Now coming to my life,well all i can say,in the context of past few days is that i’m stunned at myself.I did not expect anyone as indisciplined and careless as me will ever be able to bring his life back in order.i was losing sleep,lost control of my mind quite a lot sometimes even behaved like a drunk and even somehow unknowingly of course,managed to skip my meals!That was the turning point,i assume as after that I realized enough is enough.I was responsible for myself and if i can’t take care of my life how can i expect myself to raise a family.So,i felt the need for a change and the thought over and over for two days,totally depressed and isolated until I found out a way.I agree that the spiritual path is visible only when you are down and out and is visibility is directly proportional to the extent of your suffering,I think I could not have fallen deeper that this and even if i could,it is pointless to ponder over it as i don’t care to think about and analyse the past anymore.Now coming to the change,I can now think of and be watchful of every activity I perform and certainly don’t skip any meals!
I’ve changed a lot of things in my life.I’ve a developed a whole new perspective towards every object and phenomenon and undoubtedly committed to consolidate it.The most important change is that I’m now more watchful in what’s coming out of my mouth.I’ve tried to reduce the usage of a few words like could,would,should,will etc as they carry with them the flavour of past as well as future while it is necessary to live in present as consciously as possible.These words are best left at the unconscious level unless required by the circumstances.Try living in the present,rest all will take are of itself.When it comes to my relationship with other people,it too will definitely be impacted by this change of thinking.Although I’ve not met a lot of people in past few days,I can definitely see the obvious impacts such as detachment abolishes the obsessive talks,the less aversion abolishes the slander and harsh speech and moreover,my actions and speech accompanied by thoughts are now driven by a whole new moral force which has aroused inside me.
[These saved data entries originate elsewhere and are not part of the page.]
(* Consider the $N$-SP bandwidth allocation game with minimum small-cell bandwidth constraints described in the context, and let $a=N_f\lambda_S^{1/\alpha-1}$. If $$\frac{a}{a+N_m}\sum_{i\in\mathcal N}B_i<\sum_{i\in\mathcal N}B_{i,S}^0,$$ then $\mathrm{SW}_{\mathrm{w}}^{\mathrm{NE}}<\mathrm{SW}_{\mathrm{wo}}^{*}$ (a social welfare loss is incurred). Moreover, in all cases $$\frac{\mathrm{SW}_{\mathrm{w}}^{\mathrm{NE}}}{\mathrm{SW}_{\mathrm{wo}}^{*}}\ge\Big(\frac{a}{a+N_m}\Big)^{\alpha},$$ and this bound is attained exactly when $B_{i,S}^0=B_i$ for all $i\in\mathcal N$.
   Context: A set $\mathcal N$ of $N$ service providers (SPs). SP $i$ owns bandwidth $B_i>0$ and chooses macro-cell bandwidth $B_{i,M}\ge0$ and small-cell bandwidth $B_{i,S}$ with $B_{i,M}+B_{i,S}\le B_i$ and $B_{i,S}\ge B_{i,S}^0$ (regulatory constraint), where $0\le B_{i,S}^0\le B_i$ are given. Parameters: $R_0>0$, $\lambda_S>1$, a mass $N_m>0$ of mobile users (served only by macro-cells) and a mass $N_f>0$ of fixed users, each with utility $u(r)=r^{1-\alpha}/(1-\alpha)$, $\alpha\in(0,1)$. Second-stage prices are market-clearing: with $R_M=\frac{R_0\sum_iB_{i,M}}{N_m}$ and $R_S=\frac{\lambda_SR_0\sum_iB_{i,S}}{N_f}$, the macro and small-cell prices are $u'(R_M)=R_M^{-\alpha}$ and $u'(R_S)=R_S^{-\alpha}$, and each mobile user receives rate $R_M$ and each fixed user rate $R_S$. SP $i$'s payoff in the bandwidth game is its revenue $S_i=\lambda_SB_{i,S}R_0R_S^{-\alpha}+B_{i,M}R_0R_M^{-\alpha}$. Social welfare is $\mathrm{SW}=N_mu(R_M)+N_fu(R_S)$. $\mathrm{SW}_{\mathrm{w}}^{\mathrm{NE}}$ denotes the social welfare at the Nash equilibrium of the game with the regulatory constraints, and $\mathrm{SW}_{\mathrm{wo}}^{*}$ the social welfare at the Nash equilibrium of the game without them ($B_{i,S}^0=0$), which equals the maximal social welfare without constraints. *)

theory Defs
  imports Complex_Main
begin

text \<open>Bandwidth allocation game. SPs are indexed by a finite set I; a strategy profile
is a pair of functions BM (macro-cell bandwidth) and BS (small-cell bandwidth) on I.\<close>

definition feasible :: "'i set \<Rightarrow> ('i \<Rightarrow> real) \<Rightarrow> ('i \<Rightarrow> real) \<Rightarrow> ('i \<Rightarrow> real) \<Rightarrow> ('i \<Rightarrow> real) \<Rightarrow> bool" where
  "feasible I B B0 BM BS \<longleftrightarrow> (\<forall>i\<in>I. BM i \<ge> 0 \<and> BS i \<ge> B0 i \<and> BM i + BS i \<le> B i)"

definition rate_M :: "real \<Rightarrow> real \<Rightarrow> 'i set \<Rightarrow> ('i \<Rightarrow> real) \<Rightarrow> real" where
  "rate_M R0 Nm I BM = R0 * (\<Sum>i\<in>I. BM i) / Nm"

definition rate_S :: "real \<Rightarrow> real \<Rightarrow> real \<Rightarrow> 'i set \<Rightarrow> ('i \<Rightarrow> real) \<Rightarrow> real" where
  "rate_S R0 lS Nf I BS = lS * R0 * (\<Sum>i\<in>I. BS i) / Nf"

definition util :: "real \<Rightarrow> real \<Rightarrow> real" where
  "util \<alpha> r = r powr (1 - \<alpha>) / (1 - \<alpha>)"

text \<open>Revenue of SP i; prices are u'(R) = R powr (-alpha).\<close>
definition revenue :: "real \<Rightarrow> real \<Rightarrow> real \<Rightarrow> real \<Rightarrow> real \<Rightarrow> 'i set \<Rightarrow>
    ('i \<Rightarrow> real) \<Rightarrow> ('i \<Rightarrow> real) \<Rightarrow> 'i \<Rightarrow> real" where
  "revenue R0 lS Nm Nf \<alpha> I BM BS i =
     lS * BS i * R0 * (rate_S R0 lS Nf I BS) powr (-\<alpha>)
     + BM i * R0 * (rate_M R0 Nm I BM) powr (-\<alpha>)"

definition social_welfare :: "real \<Rightarrow> real \<Rightarrow> real \<Rightarrow> real \<Rightarrow> real \<Rightarrow> 'i set \<Rightarrow>
    ('i \<Rightarrow> real) \<Rightarrow> ('i \<Rightarrow> real) \<Rightarrow> real" where
  "social_welfare R0 lS Nm Nf \<alpha> I BM BS =
     Nm * util \<alpha> (rate_M R0 Nm I BM) + Nf * util \<alpha> (rate_S R0 lS Nf I BS)"

definition is_NE :: "real \<Rightarrow> real \<Rightarrow> real \<Rightarrow> real \<Rightarrow> real \<Rightarrow> 'i set \<Rightarrow> ('i \<Rightarrow> real) \<Rightarrow> ('i \<Rightarrow> real) \<Rightarrow>
    ('i \<Rightarrow> real) \<Rightarrow> ('i \<Rightarrow> real) \<Rightarrow> bool" where
  "is_NE R0 lS Nm Nf \<alpha> I B B0 BM BS \<longleftrightarrow>
     feasible I B B0 BM BS \<and>
     (\<forall>i\<in>I. \<forall>m s. feasible I B B0 (BM(i := m)) (BS(i := s)) \<longrightarrow>
        revenue R0 lS Nm Nf \<alpha> I (BM(i := m)) (BS(i := s)) i \<le> revenue R0 lS Nm Nf \<alpha> I BM BS i)"

end

theory Submission
  imports Defs "HOL-Analysis.Convex" "HOL-Real_Asymp.Real_Asymp"
begin
definition C_psi :: "(real \<Rightarrow> real) \<Rightarrow> ereal" where
  "C_psi T = Sup ({0} \<union> {ereal \<alpha> | \<alpha>. \<alpha> > 0 \<and>
      (AE z in lborel \<Otimes>\<^sub>M lborel. z \<in> {0..<1} \<times> {0..<1} \<longrightarrow>
         liminf (\<lambda>n. ereal (real n powr \<alpha> * \<bar>(T ^^ n) (fst z) - (T ^^ n) (snd z)\<bar>)) = 0)})"

end

theory Submission
  imports Defs
begin

text \<open>An interval exchange is a translation on each of finitely many pieces, and the translated
  pieces are pairwise disjoint; hence the pair map \<open>T \<times> T\<close> does not increase planar Lebesgue measure.
  If \<open>|x - y| \<ge> d\<close> but \<open>|T\<^sup>n x - T\<^sup>n y| < d\<close>, then at the first time \<open>m \<le> n\<close> at which the distance
  drops below \<open>d\<close> the two points come from different pieces, so \<open>(T\<^sup>m x, T\<^sup>m y)\<close> lies in a
  \<open>d\<close>-box around one of the finitely many diagonal points \<open>(a, a)\<close>, \<open>a\<close> a left endpoint of a
  translated piece. With \<open>q = 2\<^sup>-\<^sup>\<alpha>\<close>, the pairs at distance \<open>\<ge> q\<^sup>k\<close> that come closer than \<open>q\<^sup>k\<close> before
  time \<open>2\<^sup>k\<^sup>+\<^sup>1\<close> therefore have measure \<open>O(2\<^sup>k q\<^sup>2\<^sup>k)\<close>, which is summable when \<open>\<alpha> > 1/2\<close>. A pair at
  distance at least \<open>q\<^sup>k\<^sub>0\<close> with \<open>liminf n\<^sup>\<alpha> |T\<^sup>n x - T\<^sup>n y| = 0\<close> lies in one of these sets with
  \<open>k \<ge> k\<^sub>0\<close>. The tail of the series is small and the pairs closer than \<open>1/8\<close> cover measure at most
  \<open>3/8\<close>, so such pairs cannot have full measure in the unit square.\<close>

lemma iet_s_0 [simp]: "iet_s l 0 = 0"
  by (simp add: iet_s_def)

lemma iet_s_Suc: "iet_s l (Suc k) = iet_s l k + l (Suc k)"
  by (simp add: iet_s_def)

lemma iet_s_strict_mono:
  assumes pos: "\<forall>i\<in>{1..r}. l i > 0" and "i < j" "j \<le> r"
  shows "iet_s l i < iet_s l j"
  using assms(2,3)
proof (induction j)
  case 0 then show ?case by simp
next
  case (Suc j)
  have "l (Suc j) > 0" using pos Suc.prems by auto
  moreover have "iet_s l i \<le> iet_s l j"
    using Suc by (cases "i < j") (auto simp: less_Suc_eq)
  ultimately show ?case by (simp add: iet_s_Suc)
qed

lemma iet_s_mono:
  assumes pos: "\<forall>i\<in>{1..r}. l i > 0" and "i \<le> j" "j \<le> r"
  shows "iet_s l i \<le> iet_s l j"
  using iet_s_strict_mono[OF pos, of i j] assms by (cases "i = j") auto

lemma iet_s_pred: "k \<ge> 1 \<Longrightarrow> (\<Sum>i\<in>{1..<k}. l i) = iet_s l (k - 1)"
  unfolding iet_s_def by (cases k) (auto simp: atLeastLessThanSuc_atLeastAtMost)

lemma iet_interval_exists:
  assumes pos: "\<forall>i\<in>{1..r}. l i > 0" and tot: "iet_s l r = 1"
    and x: "0 \<le> x" "x < 1"
  shows "\<exists>k\<in>{1..r}. iet_s l (k - 1) \<le> x \<and> x < iet_s l k"
proof -
  define k where "k = (LEAST k. x < iet_s l k)"
  have ex: "x < iet_s l r" using tot x by simp
  have k1: "x < iet_s l k" unfolding k_def by (rule LeastI[of _ r]) (rule ex)
  have kr: "k \<le> r" unfolding k_def by (rule Least_le) (rule ex)
  have k0: "k \<noteq> 0" using k1 x by (cases k) auto
  have "\<not> x < iet_s l (k - 1)" unfolding k_def
    by (rule not_less_Least) (use k0 in \<open>simp add: k_def\<close>)
  then show ?thesis using k1 kr k0 by (intro bexI[of _ k]) auto
qed

lemma iet_interval_unique:
  assumes pos: "\<forall>i\<in>{1..r}. l i > 0"
    and j: "j \<in> {1..r}" and k: "k \<in> {1..r}"
    and "iet_s l (j - 1) \<le> x \<and> x < iet_s l j"
    and "iet_s l (k - 1) \<le> x \<and> x < iet_s l k"
  shows "j = k"
proof (rule ccontr)
  assume "j \<noteq> k"
  then consider "j < k" | "k < j" by arith
  then show False
  proof cases
    case 1
    then have "iet_s l j \<le> iet_s l (k - 1)" using iet_s_mono[OF pos, of j "k - 1"] k by auto
    then show False using assms by auto
  next
    case 2
    then have "iet_s l k \<le> iet_s l (j - 1)" using iet_s_mono[OF pos, of k "j - 1"] j by auto
    then show False using assms by auto
  qed
qed

definition iet_image_start :: "nat \<Rightarrow> (nat \<Rightarrow> nat) \<Rightarrow> (nat \<Rightarrow> real) \<Rightarrow> nat \<Rightarrow> real" where
  "iet_image_start r p l k = (\<Sum>i\<in>{i\<in>{1..r}. p i < p k}. l i)"

lemma iet_map_on_interval:
  assumes pos: "\<forall>i\<in>{1..r}. l i > 0"
    and k: "k \<in> {1..r}" and x: "iet_s l (k - 1) \<le> x" "x < iet_s l k"
  shows "iet_map r p l x = x + (iet_image_start r p l k - iet_s l (k - 1))"
proof -
  have on_k: "iet_s l (j - 1) \<le> x \<and> x < iet_s l j \<longleftrightarrow> j = k" if "j \<in> {1..r}" for j
    using iet_interval_unique[OF pos that k] x by blast
  have "iet_map r p l x = (\<Sum>j\<in>{1..r}. if j = k then
          x - (\<Sum>i\<in>{1..<k}. l i) + iet_image_start r p l k else 0)"
    unfolding iet_map_def iet_image_start_def
    by (intro sum.cong refl) (simp only: on_k cong: if_cong)
  also have "\<dots> = x - (\<Sum>i\<in>{1..<k}. l i) + iet_image_start r p l k"
    using k by simp
  finally show ?thesis using iet_s_pred[of k l] k by simp
qed

lemma iet_image_start_add_le:
  assumes pos: "\<forall>i\<in>{1..r}. l i > 0"
    and j: "j \<in> {1..r}" and k: "k \<in> {1..r}" and "p j < p k"
  shows "iet_image_start r p l j + l j \<le> iet_image_start r p l k"
proof -
  have "iet_image_start r p l j + l j = (\<Sum>i\<in>insert j {i\<in>{1..r}. p i < p j}. l i)"
    unfolding iet_image_start_def by (subst sum.insert) auto
  also have "\<dots> \<le> iet_image_start r p l k"
    unfolding iet_image_start_def using assms by (intro sum_mono2) (auto simp: less_imp_le)
  finally show ?thesis .
qed

lemma iet_image_in_unit:
  assumes pos: "\<forall>i\<in>{1..r}. l i > 0" and tot: "(\<Sum>i\<in>{1..r}. l i) = 1"
    and k: "k \<in> {1..r}"
  shows "0 \<le> iet_image_start r p l k" "iet_image_start r p l k + l k \<le> 1"
proof -
  show "0 \<le> iet_image_start r p l k"
    unfolding iet_image_start_def using pos by (intro sum_nonneg) (auto simp: less_imp_le)
  have "iet_image_start r p l k + l k = (\<Sum>i\<in>insert k {i\<in>{1..r}. p i < p k}. l i)"
    unfolding iet_image_start_def by (subst sum.insert) auto
  also have "\<dots> \<le> (\<Sum>i\<in>{1..r}. l i)"
    using k pos by (intro sum_mono2) (auto simp: less_imp_le)
  finally show "iet_image_start r p l k + l k \<le> 1" using tot by simp
qed

abbreviation unit_square :: "(real \<times> real) set" where
  "unit_square \<equiv> {0..<1} \<times> {0..<1}"

definition diag_box :: "real \<Rightarrow> real \<Rightarrow> (real \<times> real) set" where
  "diag_box a d = {a - d<..<a + d} \<times> {a - d<..<a + d}"

lemma emeasure_lborel_Times:
  fixes A B :: "real set"
  assumes "A \<in> sets borel" "B \<in> sets borel"
  shows "emeasure lborel (A \<times> B) = emeasure lborel A * emeasure lborel B"
  using assms by (simp add: lborel_prod[symmetric] lborel.emeasure_pair_measure_Times)

lemma emeasure_lborel_translate_vimage:
  fixes c :: "'a::euclidean_space"
  assumes "A \<in> sets borel"
  shows "emeasure lborel ((+) c -` A) = emeasure lborel A"
proof -
  have "(+) c \<in> borel_measurable (lborel :: 'a measure)"
    by (auto intro!: borel_measurable_continuous_onI continuous_intros)
  then have "emeasure (distr lborel borel ((+) c)) A = emeasure lborel ((+) c -` A)"
    using assms by (subst emeasure_distr) auto
  then show ?thesis by (simp add: lborel_distr_plus)
qed
(* Let $G$ be a locally compact, Hausdorff, étale groupoid and $\alpha$ an automorphism of $G$. Suppose that $G$ is ample and that $\mathcal{B}$ is a basis for the topology on $G^{(0)}$ consisting of compact open bisections such that for every $V \in \mathcal{B}$ there exists an integer $l \ge 1$ with $\alpha^{-l}(V)\subseteq V$. Then $G^\infty_\alpha$ is locally contracting.
   Context: Let $E$ be the directed graph with one vertex $v$ and countably infinitely many edges $e_1,e_2,\dots$. Let $E^*$ be its finite paths (including $v$), $E^\infty$ its infinite paths, $P = E^*\sqcup E^\infty$, $|\mu|$ the length. $H_\infty$ is the groupoid $\{(\alpha x, |\alpha|-|\beta|, \beta x) : x\in P, \alpha,\beta\in E^*\}\subseteq P\times\mathbb{Z}\times P$ with $(x,m,y)(y,n,z)=(x,m+n,z)$, $(x,m,y)^{-1}=(y,-m,x)$, unit space identified with $P$, topology generated by the sets $Z((\alpha,\beta)\setminus F)=\{(\alpha x,|\alpha|-|\beta|,\beta x): x\in P, x\text{ does not begin with an edge in }F\}$ ($F$ finite); $c(x,m,y)=m$. An automorphism is a structure-preserving homeomorphism. $G^\infty_\alpha$ is $H_\infty\times G$ with product topology, unit space $H_\infty^{(0)}\times G^{(0)}$, $r(h,g)=(r(h),r(g))$, $s(h,g)=(s(h),\alpha^{c(h)}(s(g)))$, product $(h_1,g_1)(h_2,g_2)=(h_1h_2,g_1\alpha^{-c(h_1)}(g_2))$, inverse $(h,g)^{-1}=(h^{-1},\alpha^{c(h)}(g^{-1}))$. A groupoid is ample if it has a basis of compact open bisections. An ample groupoid $L$ is locally contracting if for every nonempty open $W\subseteq L^{(0)}$ there is a compact open bisection $B$ with $r(B)\subsetneq s(B)\subseteq W$. *)

theory Defs
  imports "HOL-Analysis.Analysis"
begin

record 'a grpd =
  garr :: "'a set"
  grng :: "'a \<Rightarrow> 'a"
  gsrc :: "'a \<Rightarrow> 'a"
  gcomp :: "'a \<Rightarrow> 'a \<Rightarrow> 'a"
  ginv :: "'a \<Rightarrow> 'a"
  gtop :: "'a topology"

definition units :: "('a, 'b) grpd_scheme \<Rightarrow> 'a set" where
  "units G = {a \<in> garr G. grng G a = a}"

definition composable :: "('a, 'b) grpd_scheme \<Rightarrow> ('a \<times> 'a) set" where
  "composable G = {(a, b). a \<in> garr G \<and> b \<in> garr G \<and> gsrc G a = grng G b}"

definition groupoid :: "('a, 'b) grpd_scheme \<Rightarrow> bool" where
  "groupoid G \<longleftrightarrow>
    (\<forall>a\<in>garr G. grng G a \<in> garr G \<and> gsrc G a \<in> garr G \<and> ginv G a \<in> garr G) \<and>
    (\<forall>a\<in>garr G. grng G (grng G a) = grng G a \<and> gsrc G (grng G a) = grng G a \<and>
                 grng G (gsrc G a) = gsrc G a \<and> gsrc G (gsrc G a) = gsrc G a) \<and>
    (\<forall>a\<in>garr G. grng G (ginv G a) = gsrc G a \<and> gsrc G (ginv G a) = grng G a) \<and>
    (\<forall>(a, b)\<in>composable G. gcomp G a b \<in> garr G \<and>
        grng G (gcomp G a b) = grng G a \<and> gsrc G (gcomp G a b) = gsrc G b) \<and>
    (\<forall>a\<in>garr G. \<forall>b\<in>garr G. \<forall>c\<in>garr G. gsrc G a = grng G b \<longrightarrow> gsrc G b = grng G c \<longrightarrow>
        gcomp G (gcomp G a b) c = gcomp G a (gcomp G b c)) \<and>
    (\<forall>a\<in>garr G. gcomp G (grng G a) a = a \<and> gcomp G a (gsrc G a) = a) \<and>
    (\<forall>a\<in>garr G. gcomp G a (ginv G a) = grng G a \<and> gcomp G (ginv G a) a = gsrc G a)"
If i talk about whether i’m happy or not,I’ve found out a way to rise above this constant,continuing and grasping cycle of happiness and sorrow.We all desire happiness and then after we have it after some time sorrow grips again.Thus continues the never ending cycle of happiness and sorrow and we blindly take it as usual and never make an effort to come out of it.There is night and right after it is the morning.Now how many sane people cry when it’s night and jump with joy when it’s morning?The cycle is fixed and we don’t have a say in it.Same is the case with happiness and sorrow.The key lies in detachment.If we don’t attach ourselves with our joy and sorrow can we be happy when we feel joy and be sad when we feel sorrow?No definitely not.So it is necessary to rise above the cycle of happiness and sorrow and live a peaceful life.So then what is in our control?Well we can control our actions and realize that good actions produce good results and bad actions produce bad results.So,if i say i don’t expect happiness or sorrow anymore,it’d be an exaggeration at the moment but i’m definitely going in the right direction and will achieve it soon as I’m confident.